- EXERCISE BRIEF:
Word for word, restate the lines from the start of the data below through the line containing "nat) \<Rightarrow> nat \<Rightarrow>".

[Collected data entries]
-------------------------

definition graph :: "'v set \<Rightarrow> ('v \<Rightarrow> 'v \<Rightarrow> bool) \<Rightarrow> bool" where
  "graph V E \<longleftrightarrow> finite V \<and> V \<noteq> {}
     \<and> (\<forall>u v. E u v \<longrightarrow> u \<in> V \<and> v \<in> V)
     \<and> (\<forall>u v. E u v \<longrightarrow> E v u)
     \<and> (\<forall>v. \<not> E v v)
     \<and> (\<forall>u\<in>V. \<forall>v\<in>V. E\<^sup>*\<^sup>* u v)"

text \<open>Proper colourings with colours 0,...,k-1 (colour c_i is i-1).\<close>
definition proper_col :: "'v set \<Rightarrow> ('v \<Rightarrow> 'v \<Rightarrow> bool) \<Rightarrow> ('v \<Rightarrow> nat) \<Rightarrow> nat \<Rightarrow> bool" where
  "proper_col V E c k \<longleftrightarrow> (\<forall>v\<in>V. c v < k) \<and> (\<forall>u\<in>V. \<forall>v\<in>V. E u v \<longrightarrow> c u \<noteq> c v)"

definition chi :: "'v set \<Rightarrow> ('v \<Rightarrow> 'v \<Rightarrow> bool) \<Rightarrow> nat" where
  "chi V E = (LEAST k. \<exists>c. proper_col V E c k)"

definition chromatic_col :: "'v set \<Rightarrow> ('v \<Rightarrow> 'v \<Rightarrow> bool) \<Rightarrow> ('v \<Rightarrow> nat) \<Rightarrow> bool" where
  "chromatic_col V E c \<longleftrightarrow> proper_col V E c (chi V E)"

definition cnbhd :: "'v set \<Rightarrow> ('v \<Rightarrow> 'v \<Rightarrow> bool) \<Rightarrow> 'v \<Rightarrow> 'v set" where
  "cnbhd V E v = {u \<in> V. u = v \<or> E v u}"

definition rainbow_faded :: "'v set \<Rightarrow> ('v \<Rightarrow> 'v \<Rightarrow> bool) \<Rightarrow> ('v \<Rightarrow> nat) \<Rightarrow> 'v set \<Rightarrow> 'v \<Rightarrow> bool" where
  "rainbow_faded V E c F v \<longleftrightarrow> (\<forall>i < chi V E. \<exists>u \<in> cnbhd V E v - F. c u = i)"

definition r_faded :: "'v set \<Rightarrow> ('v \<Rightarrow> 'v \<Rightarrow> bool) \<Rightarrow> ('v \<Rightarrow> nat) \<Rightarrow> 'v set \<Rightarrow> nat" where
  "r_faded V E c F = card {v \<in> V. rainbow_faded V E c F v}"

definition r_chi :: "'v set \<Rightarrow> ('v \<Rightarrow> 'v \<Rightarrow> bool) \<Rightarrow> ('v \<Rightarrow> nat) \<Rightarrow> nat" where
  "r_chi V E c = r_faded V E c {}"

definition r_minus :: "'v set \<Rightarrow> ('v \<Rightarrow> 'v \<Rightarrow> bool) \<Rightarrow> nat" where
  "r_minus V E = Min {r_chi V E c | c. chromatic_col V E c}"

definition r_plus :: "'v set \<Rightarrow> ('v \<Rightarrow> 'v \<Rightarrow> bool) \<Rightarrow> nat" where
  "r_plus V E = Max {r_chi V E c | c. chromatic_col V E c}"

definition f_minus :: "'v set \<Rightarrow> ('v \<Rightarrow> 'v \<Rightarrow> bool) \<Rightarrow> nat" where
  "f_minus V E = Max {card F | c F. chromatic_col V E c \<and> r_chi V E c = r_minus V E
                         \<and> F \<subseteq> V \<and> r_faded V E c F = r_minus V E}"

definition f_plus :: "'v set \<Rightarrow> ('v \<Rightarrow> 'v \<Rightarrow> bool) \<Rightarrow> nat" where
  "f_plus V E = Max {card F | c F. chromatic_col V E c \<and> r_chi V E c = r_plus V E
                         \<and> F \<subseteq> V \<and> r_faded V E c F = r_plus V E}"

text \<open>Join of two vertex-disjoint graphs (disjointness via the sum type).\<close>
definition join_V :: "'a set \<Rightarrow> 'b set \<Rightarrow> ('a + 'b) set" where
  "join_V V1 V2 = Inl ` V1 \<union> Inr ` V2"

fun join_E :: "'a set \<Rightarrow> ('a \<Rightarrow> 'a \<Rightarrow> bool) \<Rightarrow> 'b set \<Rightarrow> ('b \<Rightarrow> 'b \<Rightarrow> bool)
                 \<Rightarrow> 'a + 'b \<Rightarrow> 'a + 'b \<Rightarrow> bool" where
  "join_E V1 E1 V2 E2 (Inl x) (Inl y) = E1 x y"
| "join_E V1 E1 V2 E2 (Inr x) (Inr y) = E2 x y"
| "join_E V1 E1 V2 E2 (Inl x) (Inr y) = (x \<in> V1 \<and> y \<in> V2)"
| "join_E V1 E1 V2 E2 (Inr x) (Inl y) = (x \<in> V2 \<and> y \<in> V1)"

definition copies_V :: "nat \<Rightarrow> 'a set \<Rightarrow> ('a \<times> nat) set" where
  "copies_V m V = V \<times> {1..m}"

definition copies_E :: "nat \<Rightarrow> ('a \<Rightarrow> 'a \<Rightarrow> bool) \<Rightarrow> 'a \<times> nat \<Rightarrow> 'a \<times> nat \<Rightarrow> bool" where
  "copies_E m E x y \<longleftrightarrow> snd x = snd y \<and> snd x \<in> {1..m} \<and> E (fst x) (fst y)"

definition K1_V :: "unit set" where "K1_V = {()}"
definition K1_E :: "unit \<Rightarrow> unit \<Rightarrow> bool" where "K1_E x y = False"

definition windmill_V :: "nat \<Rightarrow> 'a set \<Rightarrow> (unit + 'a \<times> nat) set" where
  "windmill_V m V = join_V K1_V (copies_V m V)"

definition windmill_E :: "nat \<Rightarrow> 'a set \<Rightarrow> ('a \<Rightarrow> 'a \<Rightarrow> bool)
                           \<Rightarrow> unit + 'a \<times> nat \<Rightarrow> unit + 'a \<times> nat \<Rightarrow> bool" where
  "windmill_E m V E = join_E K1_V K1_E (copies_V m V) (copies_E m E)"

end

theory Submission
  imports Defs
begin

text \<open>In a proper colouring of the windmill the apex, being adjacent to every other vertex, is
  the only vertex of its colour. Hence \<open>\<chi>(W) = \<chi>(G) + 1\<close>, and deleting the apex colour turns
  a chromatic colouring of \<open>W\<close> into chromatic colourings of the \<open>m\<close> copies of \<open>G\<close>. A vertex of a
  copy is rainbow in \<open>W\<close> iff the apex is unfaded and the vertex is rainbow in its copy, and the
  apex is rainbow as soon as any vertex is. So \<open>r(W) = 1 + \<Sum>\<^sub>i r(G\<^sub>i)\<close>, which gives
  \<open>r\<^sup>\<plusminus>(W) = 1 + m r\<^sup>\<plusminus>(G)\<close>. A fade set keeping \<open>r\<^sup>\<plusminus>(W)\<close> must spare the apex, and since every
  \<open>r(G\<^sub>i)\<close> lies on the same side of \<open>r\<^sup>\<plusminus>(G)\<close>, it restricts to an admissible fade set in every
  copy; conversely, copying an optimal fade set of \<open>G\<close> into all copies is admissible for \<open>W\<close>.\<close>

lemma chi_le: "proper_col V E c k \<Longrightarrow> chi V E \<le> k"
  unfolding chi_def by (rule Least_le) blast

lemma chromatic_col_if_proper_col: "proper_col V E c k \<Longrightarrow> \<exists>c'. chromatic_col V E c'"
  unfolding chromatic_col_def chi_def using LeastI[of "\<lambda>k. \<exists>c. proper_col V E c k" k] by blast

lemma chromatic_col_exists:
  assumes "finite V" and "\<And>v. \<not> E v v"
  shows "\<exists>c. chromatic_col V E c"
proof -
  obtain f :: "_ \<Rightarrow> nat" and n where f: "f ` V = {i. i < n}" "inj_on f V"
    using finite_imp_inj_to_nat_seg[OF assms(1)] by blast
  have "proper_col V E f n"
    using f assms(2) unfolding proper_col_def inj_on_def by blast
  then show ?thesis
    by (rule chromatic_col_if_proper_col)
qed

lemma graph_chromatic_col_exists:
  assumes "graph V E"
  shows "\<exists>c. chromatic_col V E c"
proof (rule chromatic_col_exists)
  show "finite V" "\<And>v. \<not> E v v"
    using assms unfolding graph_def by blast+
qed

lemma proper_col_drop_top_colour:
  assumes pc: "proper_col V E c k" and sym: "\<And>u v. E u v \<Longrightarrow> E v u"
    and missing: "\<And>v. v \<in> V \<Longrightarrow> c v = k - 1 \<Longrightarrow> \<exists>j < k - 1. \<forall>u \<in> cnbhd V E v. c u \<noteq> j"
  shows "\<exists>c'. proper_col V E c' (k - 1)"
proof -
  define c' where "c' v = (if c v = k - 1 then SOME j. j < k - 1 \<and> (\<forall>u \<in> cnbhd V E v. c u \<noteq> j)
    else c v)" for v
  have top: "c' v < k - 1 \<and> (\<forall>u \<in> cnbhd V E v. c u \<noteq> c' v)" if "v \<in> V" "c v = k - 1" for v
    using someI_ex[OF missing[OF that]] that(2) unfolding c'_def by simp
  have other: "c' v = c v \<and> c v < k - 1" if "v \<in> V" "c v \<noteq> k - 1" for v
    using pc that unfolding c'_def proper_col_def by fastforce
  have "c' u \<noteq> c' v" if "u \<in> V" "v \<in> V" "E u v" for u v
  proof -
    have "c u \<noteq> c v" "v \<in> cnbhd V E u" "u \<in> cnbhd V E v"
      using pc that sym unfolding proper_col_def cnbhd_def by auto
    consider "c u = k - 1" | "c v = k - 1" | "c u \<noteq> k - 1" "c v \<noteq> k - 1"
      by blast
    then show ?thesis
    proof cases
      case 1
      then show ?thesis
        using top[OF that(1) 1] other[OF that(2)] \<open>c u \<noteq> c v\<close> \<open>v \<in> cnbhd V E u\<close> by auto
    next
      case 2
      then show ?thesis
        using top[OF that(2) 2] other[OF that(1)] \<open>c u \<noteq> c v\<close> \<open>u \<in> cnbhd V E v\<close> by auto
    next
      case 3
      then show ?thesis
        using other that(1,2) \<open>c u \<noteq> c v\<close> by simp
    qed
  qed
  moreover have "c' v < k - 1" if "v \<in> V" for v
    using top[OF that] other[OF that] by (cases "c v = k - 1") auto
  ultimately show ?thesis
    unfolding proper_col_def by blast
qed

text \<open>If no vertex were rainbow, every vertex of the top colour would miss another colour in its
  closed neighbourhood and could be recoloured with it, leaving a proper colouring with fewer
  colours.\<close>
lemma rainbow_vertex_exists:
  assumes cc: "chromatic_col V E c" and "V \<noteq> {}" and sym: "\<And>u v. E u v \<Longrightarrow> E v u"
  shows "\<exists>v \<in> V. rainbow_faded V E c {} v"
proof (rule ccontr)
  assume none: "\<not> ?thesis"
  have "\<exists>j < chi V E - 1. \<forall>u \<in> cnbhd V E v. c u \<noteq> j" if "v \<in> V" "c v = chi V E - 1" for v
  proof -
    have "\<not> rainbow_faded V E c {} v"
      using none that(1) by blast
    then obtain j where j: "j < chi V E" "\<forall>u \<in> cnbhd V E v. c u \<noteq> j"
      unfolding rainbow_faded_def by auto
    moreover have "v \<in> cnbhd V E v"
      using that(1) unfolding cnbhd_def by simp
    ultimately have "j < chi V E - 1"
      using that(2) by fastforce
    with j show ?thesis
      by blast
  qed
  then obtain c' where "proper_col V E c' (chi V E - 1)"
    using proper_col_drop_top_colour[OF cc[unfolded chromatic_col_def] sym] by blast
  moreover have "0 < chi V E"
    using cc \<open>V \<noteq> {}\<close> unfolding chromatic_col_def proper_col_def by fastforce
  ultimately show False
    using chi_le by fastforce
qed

-------------------------

- YOUR RESPONSE:
definition graph :: "'v set \<Rightarrow> ('v \<Rightarrow> 'v \<Rightarrow> bool) \<Rightarrow> bool" where
  "graph V E \<longleftrightarrow> finite V \<and> V \<noteq> {}
     \<and> (\<forall>u v. E u v \<longrightarrow> u \<in> V \<and> v \<in> V)
     \<and> (\<forall>u v. E u v \<longrightarrow> E v u)
     \<and> (\<forall>v. \<not> E v v)
     \<and> (\<forall>u\<in>V. \<forall>v\<in>V. E\<^sup>*\<^sup>* u v)"

text \<open>Proper colourings with colours 0,...,k-1 (colour c_i is i-1).\<close>
definition proper_col :: "'v set \<Rightarrow> ('v \<Rightarrow> 'v \<Rightarrow> bool) \<Rightarrow> ('v \<Rightarrow> nat) \<Rightarrow> nat \<Rightarrow> bool" where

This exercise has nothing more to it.